Der Herausforderung von People Analystics oder Predictive Analytics ist jedoch, dass Beschäftigten im Personalmanagement statistische Kenntnisse auf hohem Niveau abverlangt werden. Und genau daran mangelt es in den Abteilungen, finden die Springer-Autoren Felix Wirges, Marlene Ahlbrecht, und Anne-Katrin Neyer. Sie zählen zu den Anforderungen an HR-Verantwortliche  grundlegende Kenntnisse in Datenanalyse, multivariaten Analysemethoden oder der quantitativen Datenerhebung (Seite 13). 

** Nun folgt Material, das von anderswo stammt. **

(* Let $n\ge1$, let $z_1,\dots,z_n\in\mathbb{C}$ be pairwise distinct, let $k_1,\dots,k_n\ge 0$ be integers, let $\beta_1,\dots,\beta_n\in\mathbb{C}\setminus\{0\}$ and $\alpha_i^{(j)}\in\mathbb{C}\setminus\{0\}$ ($j=1,\dots,n$, $i=1,\dots,k_j$), and set $m=\sum_{j=1}^n(k_j+1)$. Let $Z=J_{1,k_1}\oplus\cdots\oplus J_{n,k_n}\in\mathbb{C}^{m\times m}$, where $J_{j,k_j}\in\mathbb{C}^{(k_j+1)\times(k_j+1)}$ is upper bidiagonal with diagonal entries $z_j$ and superdiagonal entries, from top to bottom, $\alpha_{k_j}^{(j)},\dots,\alpha_1^{(j)}$, and let $w=\begin{bmatrix}\beta_1 e_{k_1+1}^\top&\cdots&\beta_n e_{k_n+1}^\top\end{bmatrix}^\top$ with $e_{k_j+1}=(0,\dots,0,1)^\top\in\mathbb{R}^{k_j+1}$. Define on polynomials the inner product $$\langle p,q\rangle_S=\sum_{j=1}^n|\beta_j|^2\sum_{r=0}^{k_j}\left|\frac{\prod_{i=1}^r\alpha_i^{(j)}}{r!}\right|^2\overline{q^{(r)}(z_j)}\,p^{(r)}(z_j).$$ Let $k<m$ and let $Q_k=[q_1,\dots,q_k]\in\mathbb{C}^{m\times k}$ be a nested orthonormal basis for $\mathcal{K}_k(Z,w)$, with Hessenberg matrix $H_k\in\mathbb{C}^{k\times k}$, scalar $h_{k+1,k}>0$ and vector $q_{k+1}\in\mathbb{C}^m$ with $q_{k+1}^HQ_k=0$ such that $$ZQ_k=Q_kH_k+h_{k+1,k}\,q_{k+1}e_k^\top.$$ Then the polynomials $p_0,\dots,p_k$ defined by $p_{\ell}(Z)w=q_{\ell+1}$, $p_\ell\in\mathcal{P}_\ell$, form a sequence of Sobolev orthonormal polynomials for $\langle\cdot,\cdot\rangle_S$, and they satisfy the recurrence relation $$z\begin{bmatrix}p_0(z)&\cdots&p_{k-1}(z)\end{bmatrix}=\begin{bmatrix}p_0(z)&\cdots&p_{k-1}(z)\end{bmatrix}H_k+h_{k+1,k}\,p_k(z)\,e_k^\top.$$ Conversely, if $p_0,\dots,p_k$ is a sequence of Sobolev orthonormal polynomials for $\langle\cdot,\cdot\rangle_S$ satisfying this recurrence with a Hessenberg matrix $H_k$ and $h_{k+1,k}>0$, then $q_{\ell+1}:=p_\ell(Z)w$ ($\ell=0,\dots,k$) give a nested orthonormal basis $Q_k=[q_1,\dots,q_k]$ of $\mathcal{K}_k(Z,w)$ with $ZQ_k=Q_kH_k+h_{k+1,k}q_{k+1}e_k^\top$.
   Context: $\mathcal{P}_\ell$ is the space of complex polynomials of degree at most $\ell$ ($\mathcal{P}_{-1}=\{0\}$). $\mathcal{K}_k(A,v)=\mathrm{span}\{v,Av,\dots,A^{k-1}v\}$. A matrix $Q_k=[q_1,\dots,q_k]$ is a nested orthonormal basis for $\mathcal{K}_k(A,v)$ if $Q_k^HQ_k=I$ and $\mathrm{span}\{q_1,\dots,q_i\}=\mathcal{K}_i(A,v)$ for $i=1,\dots,k$. A Hessenberg matrix $H$ has $h_{i,j}=0$ whenever $i-1>j$. A sequence $\{p_\ell\}$ is a sequence of Sobolev orthonormal polynomials for $\langle\cdot,\cdot\rangle_S$ if $p_\ell\in\mathcal{P}_\ell\setminus\mathcal{P}_{\ell-1}$ and $\langle p_k,p_\ell\rangle_S=\delta_{k\ell}$. $e_k$ is the $k$th standard unit vector of $\mathbb{R}^k$. *)

theory Defs
  imports "HOL-Computational_Algebra.Polynomial" "Jordan_Normal_Form.Schur_Decomposition"
begin

definition poly_mat :: "complex poly \<Rightarrow> complex mat \<Rightarrow> complex mat" where
  "poly_mat p A = foldr (\<lambda>c B. c \<cdot>\<^sub>m 1\<^sub>m (dim_row A) + A * B) (coeffs p) (0\<^sub>m (dim_row A) (dim_row A))"

definition Pspace :: "int \<Rightarrow> complex poly set" where
  "Pspace d = {p. p = 0 \<or> int (degree p) \<le> d}"

definition span_list :: "nat \<Rightarrow> complex vec list \<Rightarrow> complex vec set" where
  "span_list m vs = {mat_of_cols m vs *\<^sub>v c | c. c \<in> carrier_vec (length vs)}"

definition krylov :: "complex mat \<Rightarrow> complex vec \<Rightarrow> nat \<Rightarrow> complex vec set" where
  "krylov A v i = span_list (dim_vec v) (map (\<lambda>t. (A ^\<^sub>m t) *\<^sub>v v) [0..<i])"

definition nested_onb :: "complex mat \<Rightarrow> complex mat \<Rightarrow> complex vec \<Rightarrow> nat \<Rightarrow> bool" where
  "nested_onb Q A v k \<longleftrightarrow> Q \<in> carrier_mat (dim_vec v) k \<and> mat_adjoint Q * Q = 1\<^sub>m k \<and>
     (\<forall>i\<in>{1..k}. span_list (dim_vec v) (map (col Q) [0..<i]) = krylov A v i)"

(* Hessenberg: h_{i,j} = 0 whenever i - 1 > j (0-based indices here, same condition) *)
definition hessenberg :: "complex mat \<Rightarrow> bool" where
  "hessenberg H \<longleftrightarrow> (\<forall>i<dim_row H. \<forall>j<dim_col H. i > j + 1 \<longrightarrow> H $$ (i, j) = 0)"

definition sob_m :: "nat \<Rightarrow> (nat \<Rightarrow> nat) \<Rightarrow> nat" where
  "sob_m n kk = (\<Sum>j=1..n. kk j + 1)"

(* J_{j,k_j}: upper bidiagonal (k_j+1)x(k_j+1), diagonal z_j, superdiagonal from top to bottom
   alpha_{k_j}^{(j)}, ..., alpha_1^{(j)} (row r, 0-based, carries alpha_{k_j - r}^{(j)}) *)
definition sob_J :: "(nat \<Rightarrow> complex) \<Rightarrow> (nat \<Rightarrow> nat) \<Rightarrow> (nat \<Rightarrow> nat \<Rightarrow> complex) \<Rightarrow> nat \<Rightarrow> complex mat" where
  "sob_J z kk \<alpha> j = mat (kk j + 1) (kk j + 1)
     (\<lambda>(r, c). if r = c then z j else if c = r + 1 then \<alpha> j (kk j - r) else 0)"

definition sob_Z :: "nat \<Rightarrow> (nat \<Rightarrow> complex) \<Rightarrow> (nat \<Rightarrow> nat) \<Rightarrow> (nat \<Rightarrow> nat \<Rightarrow> complex) \<Rightarrow> complex mat" where
  "sob_Z n z kk \<alpha> = diag_block_mat (map (sob_J z kk \<alpha>) [1..<n+1])"

definition sob_w :: "nat \<Rightarrow> (nat \<Rightarrow> nat) \<Rightarrow> (nat \<Rightarrow> complex) \<Rightarrow> complex vec" where
  "sob_w n kk \<beta> = vec_of_list (concat (map (\<lambda>j. replicate (kk j) 0 @ [\<beta> j]) [1..<n+1]))"

definition sob_ip :: "nat \<Rightarrow> (nat \<Rightarrow> complex) \<Rightarrow> (nat \<Rightarrow> nat) \<Rightarrow> (nat \<Rightarrow> complex) \<Rightarrow> (nat \<Rightarrow> nat \<Rightarrow> complex)
     \<Rightarrow> complex poly \<Rightarrow> complex poly \<Rightarrow> complex" where
  "sob_ip n z kk \<beta> \<alpha> p q = (\<Sum>j=1..n. complex_of_real ((cmod (\<beta> j))\<^sup>2) *
     (\<Sum>r=0..kk j. complex_of_real ((cmod ((\<Prod>i=1..r. \<alpha> j i) / of_nat (fact r)))\<^sup>2) *
        cnj (poly ((pderiv ^^ r) q) (z j)) * poly ((pderiv ^^ r) p) (z j)))"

Hat sich Personalarbeit in der Vergangenheit mit Menschen beschäftigt, sind es in künftig Zahlen, Daten und digitale Tools, die den Alltag bestimmen. Hinzu kommt jenseits der Datenerfassung die sozialpsychologische Betrachtung sowie die ethische Fragestellung. Die Autoren fordern deshalb, Jobprofile in der HR-Arbeit sowie den Ausbau des gesamten Bereiches neu zu denken: "Die Voraussetzung für die Etablierung von HR-Analytics ist die Bereitschaft der Mitarbeiter, den Kenntnisstand zu digitalisierten Personalfunktionen auszuprägen und für zukünftige Technologien offen zu sein" (Seite 15).

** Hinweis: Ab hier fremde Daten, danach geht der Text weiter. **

lemma literal_net_has_arc_iff: "has_arc f k i \<longleftrightarrow> i = s k"
  unfolding has_arc_def literal_net_pos_arc_iff literal_net_neg_arc_iff by auto

lemma literal_net_simple_graph: "simple_graph f"
  unfolding simple_graph_def literal_net_pos_arc_iff literal_net_neg_arc_iff by auto

lemma literal_net_and_net: "and_net f"
proof -
  have "f x i \<longleftrightarrow> \<not> (\<exists>j. pos_arc f j i \<and> \<not> x j) \<and> \<not> (\<exists>j. neg_arc f j i \<and> x j)" for x i
  proof -
    obtain k where "i = s k" by (rule obtain_succ)
    then show ?thesis
      unfolding literal_net_pos_arc_iff literal_net_neg_arc_iff by (auto simp: literal_apply succ_eq_iff)
  qed
  then show ?thesis
    unfolding and_net_def by (simp add: literal_net_simple_graph)
qed

lemma literal_net_self_dual: "self_dual f"
proof -
  have "f (\<lambda>l. \<not> x l) i = (\<not> f x i)" for x i
  proof -
    obtain k where "i = s k" by (rule obtain_succ)
    then show ?thesis by (auto simp: literal_apply)
  qed
  then show ?thesis
    unfolding self_dual_def xorp_onep by blast
qed

lemma literal_net_odd_card_conjugate_on:
  assumes "finite C" and "s ` C = C"
  shows "odd (card {k\<in>C. conjugate f x k}) \<longleftrightarrow> odd (card {j\<in>C. \<not> b j})"
proof -
  have reindex: "card {j\<in>C. P (s j)} = card {k\<in>C. P k}" for P
    by (rule card_Collect_comp_eq[OF inj_on_subset[OF bij_is_inj[OF succ_bij] subset_UNIV] assms(2)])
  have "conjugate f x (s j) = ((x j \<noteq> (\<not> b j)) \<noteq> x (s j))" for j
    unfolding conjugate_def xorp_def literal_apply by blast
  then have "card {k\<in>C. conjugate f x k} = card {j\<in>C. (x j \<noteq> (\<not> b j)) \<noteq> x (s j)}"
    using reindex[of "conjugate f x"] by simp
  also have "odd \<dots> \<longleftrightarrow> (odd (card {j\<in>C. x j \<noteq> (\<not> b j)}) \<noteq> odd (card {j\<in>C. x (s j)}))"
    by (rule odd_card_Collect_neq[OF assms(1)])
  also have "\<dots> \<longleftrightarrow> ((odd (card {j\<in>C. x j}) \<noteq> odd (card {j\<in>C. \<not> b j})) \<noteq> odd (card {j\<in>C. x j}))"
    unfolding odd_card_Collect_neq[OF assms(1)] reindex[of x] ..
  finally show ?thesis
    by blast
qed

lemma literal_net_conjugate_eq_imp:
  assumes orbit: "\<And>i j. \<exists>n. (s ^^ n) i = j"
    and eq: "conjugate f x = conjugate f y"
  shows "y = x \<or> y = (\<lambda>j. \<not> x j)"
proof -
  have step: "(x (s j) = y (s j)) = (x j = y j)" for j
    using fun_cong[OF eq, of "s j"] unfolding conjugate_def xorp_def literal_apply by blast
  have "(x ((s ^^ n) i) = y ((s ^^ n) i)) = (x i = y i)" for n i
    by (induction n) (auto simp: step)
  then have "(x j = y j) = (x i = y i)" for i j
    using orbit by metis
  then show ?thesis by blast
qed

end

lemma literal_net_odd_weight_conjugate:
  fixes f :: "('v::finite \<Rightarrow> bool) \<Rightarrow> ('v \<Rightarrow> bool)"
  assumes "literal_net f s b"
  shows "odd (weight (conjugate f x)) \<longleftrightarrow> odd (card {j. \<not> b j})"
  using literal_net_odd_card_conjugate_on[OF assms, of UNIV x] assms
  by (simp add: weight_def literal_net_def bij_def)

lemma hamiltonian_cycle_succ_imp_literal_net:
  fixes f :: "('v::finite \<Rightarrow> bool) \<Rightarrow> ('v \<Rightarrow> bool)"
  assumes "hamiltonian_cycle_succ f s"
  shows "literal_net f s (\<lambda>j. pos_arc f j (s j))"
proof -
  have bij: "bij s"
    using assms bij_if_orbit_covers unfolding hamiltonian_cycle_succ_def by blast
  have "has_arc f k (s j) \<longleftrightarrow> k = j" for k j
    using assms bij unfolding hamiltonian_cycle_succ_def by (auto simp: bij_def inj_eq)
  then have "f x (s j) = (x j = pos_arc f j (s j))" for x j
    by (rule component_eq_literal_if_unique_in_arc)
  with bij show ?thesis
    unfolding literal_net_def by blast
qed

lemma hamiltonian_cycle_succ_imp_self_dual_and_net:
  fixes f :: "('v::finite \<Rightarrow> bool) \<Rightarrow> ('v \<Rightarrow> bool)"
  assumes ham: "hamiltonian_cycle_succ f s"
  shows "self_dual f \<and> and_net f \<and>
    range (conjugate f) = {z. odd (weight z) = odd (card {j. neg_arc f j (s j)})}"
proof -
  define b where "b j = pos_arc f j (s j)" for j
  have lit: "literal_net f s b"
    unfolding b_def using ham by (rule hamiltonian_cycle_succ_imp_literal_net)
  have "{j. neg_arc f j (s j)} = {j. \<not> b j}"
    using literal_net_neg_arc_iff[OF lit] by blast
  moreover have "range (conjugate f) = {z. odd (weight z) = odd (card {j. \<not> b j})}"
  proof (rule range_eq_parity_class)
    show "range (conjugate f) \<subseteq> {z. odd (weight z) = odd (card {j. \<not> b j})}"
      using literal_net_odd_weight_conjugate[OF lit] by auto
    show "\<And>x y. conjugate f x = conjugate f y \<Longrightarrow> y = x \<or> y = (\<lambda>j. \<not> x j)"
      using ham literal_net_conjugate_eq_imp[OF lit] unfolding hamiltonian_cycle_succ_def by blast
  qed
  ultimately show ?thesis
    using literal_net_self_dual[OF lit] literal_net_and_net[OF lit] by simp
qed

lemma and_net_apply:
  assumes "and_net f"
  shows "f x i \<longleftrightarrow> (\<forall>j. pos_arc f j i \<longrightarrow> x j) \<and> (\<forall>j. neg_arc f j i \<longrightarrow> \<not> x j)"
  using assms unfolding and_net_def by auto

lemma self_dual_apply:
  assumes "self_dual f"
  shows "f (\<lambda>l. \<not> x l) i = (\<not> f x i)"
  using assms unfolding self_dual_def xorp_onep by simp

lemma self_dual_and_net_ex_in_arc:
  assumes "and_net f" "self_dual f"
  shows "\<exists>j. has_arc f j i"
proof (rule ccontr)
  assume "\<nexists>j. has_arc f j i"
  then have "f x i" for x
    using and_net_apply[OF assms(1)] unfolding has_arc_def by blast
  then show False
    using self_dual_apply[OF assms(2), of "\<lambda>_. True" i] by simp
qed

lemma self_dual_and_net_in_arc_unique:
  assumes an: "and_net f" and sd: "self_dual f"
    and "has_arc f j i" "has_arc f k i"
  shows "j = k"
proof (rule ccontr)
  assume "j \<noteq> k"
  define x where "x l = (if l = j then neg_arc f j i else pos_arc f k i)" for l
  have simple: "\<not> (pos_arc f l i \<and> neg_arc f l i)" for l
    using an unfolding and_net_def simple_graph_def by blast
  have "\<not> f x i"
    using \<open>has_arc f j i\<close> simple[of j] and_net_apply[OF an, of x i]
    unfolding has_arc_def x_def by auto
  moreover have "\<not> f (\<lambda>l. \<not> x l) i"
    using \<open>has_arc f k i\<close> \<open>j \<noteq> k\<close> simple[of k] and_net_apply[OF an, of "\<lambda>l. \<not> x l" i]
    unfolding has_arc_def x_def by auto
  ultimately show False
    using self_dual_apply[OF sd, of x i] by simp
qed

lemma surj_if_conjugate_parity_const:
  fixes f :: "('v::finite \<Rightarrow> bool) \<Rightarrow> ('v \<Rightarrow> bool)"
  assumes lit: "\<And>x i. f x i = (x (p i) = c i)"
    and par: "range (conjugate f) \<subseteq> {z. odd (weight z) = q}"
  shows "surj p"
proof (rule ccontr)
  assume "\<not> surj p"
  then obtain j where j: "\<And>i. p i \<noteq> j" by (metis surj_def)
  \<comment> \<open>As \<open>j\<close> has no out-arc, flipping \<open>x\<^sub>j\<close> flips only the \<open>j\<close>-th coordinate of the conjugate.\<close>
  define e where "e k = (k = j)" for k
  define z where "z (k :: 'v) = False" for k
  have "conjugate f e = xorp (conjugate f z) e"
    by (auto simp: conjugate_def xorp_def lit e_def z_def j)
  moreover have "weight e = 1"
    by (simp add: e_def weight_def)
  ultimately have "odd (weight (conjugate f e)) \<noteq> odd (weight (conjugate f z))"
    by (simp add: odd_weight_xorp)
  with par show False by auto
qed

lemma self_dual_and_net_imp_literal_net:
  fixes f :: "('v::finite \<Rightarrow> bool) \<Rightarrow> ('v \<Rightarrow> bool)"
  assumes an: "and_net f" and sd: "self_dual f"
    and par: "range (conjugate f) \<subseteq> {z. odd (weight z) = q}"
  obtains s b where "literal_net f s b"
proof -
  define p where "p i = (THE j. has_arc f j i)" for i
  have "has_arc f k i \<longleftrightarrow> k = p i" for k i
    unfolding p_def using self_dual_and_net_ex_in_arc[OF an sd, of i]
      self_dual_and_net_in_arc_unique[OF an sd] by (metis theI)
  then have pred: "f x i = (x (p i) = pos_arc f (p i) i)" for x i
    by (rule component_eq_literal_if_unique_in_arc)
  then have "surj p"
    by (rule surj_if_conjugate_parity_const[OF _ par])
  then have "bij p"
    by (simp add: bij_def finite_UNIV_surj_inj)
  then have "literal_net f (inv p) (\<lambda>j. pos_arc f j (inv p j))"
    unfolding literal_net_def using pred by (simp add: bij_imp_bij_inv bij_is_surj surj_f_inv_f)
  then show ?thesis by (rule that)
qed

Mitbestimmung schützt Persönlichkeitsrechte

"Nichtwissen" und laxer Umgang und mit modernen Technologien und datenschutzrechtlichen Ansprüchen sind für Unternehmen rechtlich riskant. Arbeitnehmer müssen die ausgewählte KI sowie die eingesetzten Algorithmen kennen um transparent über alle  Daten und Rechenwege Auskunft geben können. Andernfalls hebeln sie die Schutzrechte der Arbeitnehmer und das im Betriebsverfassungsgesetz verankerte Recht auf Mitbestimmung bei der Auswahl von IT-Systemen, die Verhalten aufzeichnen und kontrollieren, aus.  Zum Schutz der Persönlichkeitsrechte empfiehlt Wedde den Ausbau bestehender Mitwirkungs- und Mitbestimmungsrechte durch den Gesetzgeber:

  1. Die Einführung eines gesetzlichen Beweisverwertungsverbots für widerrechtlich erlangte Informationen.
  2. Arbeitgeber sollen gesetzlich ausdrücklich verpflichtet werden, nur solche Techniken einzusetzen, deren Funktionsweise sie detailliert kennen.
  3. Betriebsräte müssen einen externen Sachverständigen nach eigener Wahl hinzuziehen können, wenn es um KI geht und es braucht ein Mitbestimmungsrecht zum Datenschutz.

Wenn Algorithmen zunehmend eingesetzt werden, um Leistung zu beurteilen, stellt sich abschließend die Frage nach dem was Leistung eigentlich ist. Kann Leistung objektiv und ohne soziale Konfrontation überhaupt erfasst und ausgewertet werden? Nach Ansicht von Springer-Autor Michael Treier spiegelt sich Leistung in der Personalbeurteilung nicht nur in der individuellen Zielerfüllung und Ergebnissen wider. Leistung ist relativ, dynamisch und sowohl im Verhalten als auch den persönlichen Eigenschaften verortet. "Empirische Forschungen kommen zum Schluss, dass berufliche Leistung ein mehrdimensionales Konstrukt darstellt. Das bedeutet in der Praxis, dass man auch verschiedene Zugänge zur Leistungsbeurteilung einrichten muss, um die unterschiedlichen Faktoren abzubilden" (Seite 238).